Using the data below, copy every line that contains the word "longrightarrow".
■ ■ ■ ■ ■ ■ ■
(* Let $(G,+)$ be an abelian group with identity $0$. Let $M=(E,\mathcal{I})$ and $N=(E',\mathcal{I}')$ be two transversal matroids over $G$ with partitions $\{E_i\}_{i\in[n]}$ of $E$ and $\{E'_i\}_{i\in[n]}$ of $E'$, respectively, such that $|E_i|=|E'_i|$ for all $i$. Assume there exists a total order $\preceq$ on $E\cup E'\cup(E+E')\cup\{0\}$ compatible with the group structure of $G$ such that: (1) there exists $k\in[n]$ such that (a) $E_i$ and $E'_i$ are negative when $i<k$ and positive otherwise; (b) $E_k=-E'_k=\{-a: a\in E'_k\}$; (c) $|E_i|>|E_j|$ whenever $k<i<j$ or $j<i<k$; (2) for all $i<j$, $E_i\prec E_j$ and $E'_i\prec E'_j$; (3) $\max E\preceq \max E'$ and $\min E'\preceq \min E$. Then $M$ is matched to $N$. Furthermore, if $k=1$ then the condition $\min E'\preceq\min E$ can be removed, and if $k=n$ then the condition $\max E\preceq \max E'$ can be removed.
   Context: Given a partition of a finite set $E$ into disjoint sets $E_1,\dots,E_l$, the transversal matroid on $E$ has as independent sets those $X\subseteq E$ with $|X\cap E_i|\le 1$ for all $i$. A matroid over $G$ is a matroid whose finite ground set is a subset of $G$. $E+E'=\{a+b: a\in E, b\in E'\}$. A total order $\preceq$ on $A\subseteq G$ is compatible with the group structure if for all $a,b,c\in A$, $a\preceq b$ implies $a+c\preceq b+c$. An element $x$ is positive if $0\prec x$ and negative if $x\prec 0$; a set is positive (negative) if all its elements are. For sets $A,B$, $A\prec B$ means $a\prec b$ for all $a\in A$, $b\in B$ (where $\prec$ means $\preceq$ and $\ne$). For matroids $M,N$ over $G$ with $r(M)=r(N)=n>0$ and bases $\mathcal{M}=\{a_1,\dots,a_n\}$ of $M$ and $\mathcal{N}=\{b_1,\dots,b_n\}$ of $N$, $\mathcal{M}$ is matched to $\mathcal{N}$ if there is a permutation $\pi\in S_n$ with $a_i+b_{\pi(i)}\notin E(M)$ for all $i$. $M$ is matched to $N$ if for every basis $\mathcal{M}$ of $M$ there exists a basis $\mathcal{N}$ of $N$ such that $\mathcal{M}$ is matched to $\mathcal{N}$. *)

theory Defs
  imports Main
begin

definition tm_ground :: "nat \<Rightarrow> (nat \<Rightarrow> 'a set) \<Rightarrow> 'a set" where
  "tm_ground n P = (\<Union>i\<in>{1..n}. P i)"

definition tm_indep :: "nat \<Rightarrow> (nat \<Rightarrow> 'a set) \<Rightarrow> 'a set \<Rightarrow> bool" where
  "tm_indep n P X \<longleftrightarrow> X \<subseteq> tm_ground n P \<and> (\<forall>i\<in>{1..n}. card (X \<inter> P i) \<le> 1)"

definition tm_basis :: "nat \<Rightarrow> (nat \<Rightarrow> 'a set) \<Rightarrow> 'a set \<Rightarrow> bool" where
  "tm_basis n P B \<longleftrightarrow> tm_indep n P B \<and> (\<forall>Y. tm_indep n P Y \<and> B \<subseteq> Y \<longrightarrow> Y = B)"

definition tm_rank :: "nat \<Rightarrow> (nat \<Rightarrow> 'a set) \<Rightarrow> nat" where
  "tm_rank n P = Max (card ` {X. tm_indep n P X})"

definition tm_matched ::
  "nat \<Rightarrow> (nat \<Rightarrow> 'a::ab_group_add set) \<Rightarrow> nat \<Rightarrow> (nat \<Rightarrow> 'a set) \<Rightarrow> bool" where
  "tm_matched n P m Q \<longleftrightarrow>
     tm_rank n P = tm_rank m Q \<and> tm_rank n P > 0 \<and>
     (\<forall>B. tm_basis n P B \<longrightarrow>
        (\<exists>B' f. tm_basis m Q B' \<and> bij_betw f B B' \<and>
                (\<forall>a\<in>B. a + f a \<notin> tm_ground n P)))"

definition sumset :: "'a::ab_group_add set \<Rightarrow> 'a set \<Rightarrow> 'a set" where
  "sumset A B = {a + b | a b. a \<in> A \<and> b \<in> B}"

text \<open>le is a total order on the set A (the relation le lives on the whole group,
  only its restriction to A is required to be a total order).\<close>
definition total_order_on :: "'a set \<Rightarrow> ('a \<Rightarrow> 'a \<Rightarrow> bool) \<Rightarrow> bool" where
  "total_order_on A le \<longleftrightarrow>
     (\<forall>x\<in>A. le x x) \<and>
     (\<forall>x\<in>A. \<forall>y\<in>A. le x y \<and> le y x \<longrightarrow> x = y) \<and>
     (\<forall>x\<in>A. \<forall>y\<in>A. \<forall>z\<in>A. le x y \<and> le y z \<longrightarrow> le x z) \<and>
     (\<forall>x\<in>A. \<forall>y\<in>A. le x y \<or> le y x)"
■ ■ ■ ■ ■ ■ ■
Exercise solution:
  "tm_basis n P B \<longleftrightarrow> tm_indep n P B \<and> (\<forall>Y. tm_indep n P Y \<and> B \<subseteq> Y \<longrightarrow> Y = B)"
     (\<forall>B. tm_basis n P B \<longrightarrow>
     (\<forall>x\<in>A. \<forall>y\<in>A. le x y \<and> le y x \<longrightarrow> x = y) \<and>
     (\<forall>x\<in>A. \<forall>y\<in>A. \<forall>z\<in>A. le x y \<and> le y z \<longrightarrow> le x z) \<and>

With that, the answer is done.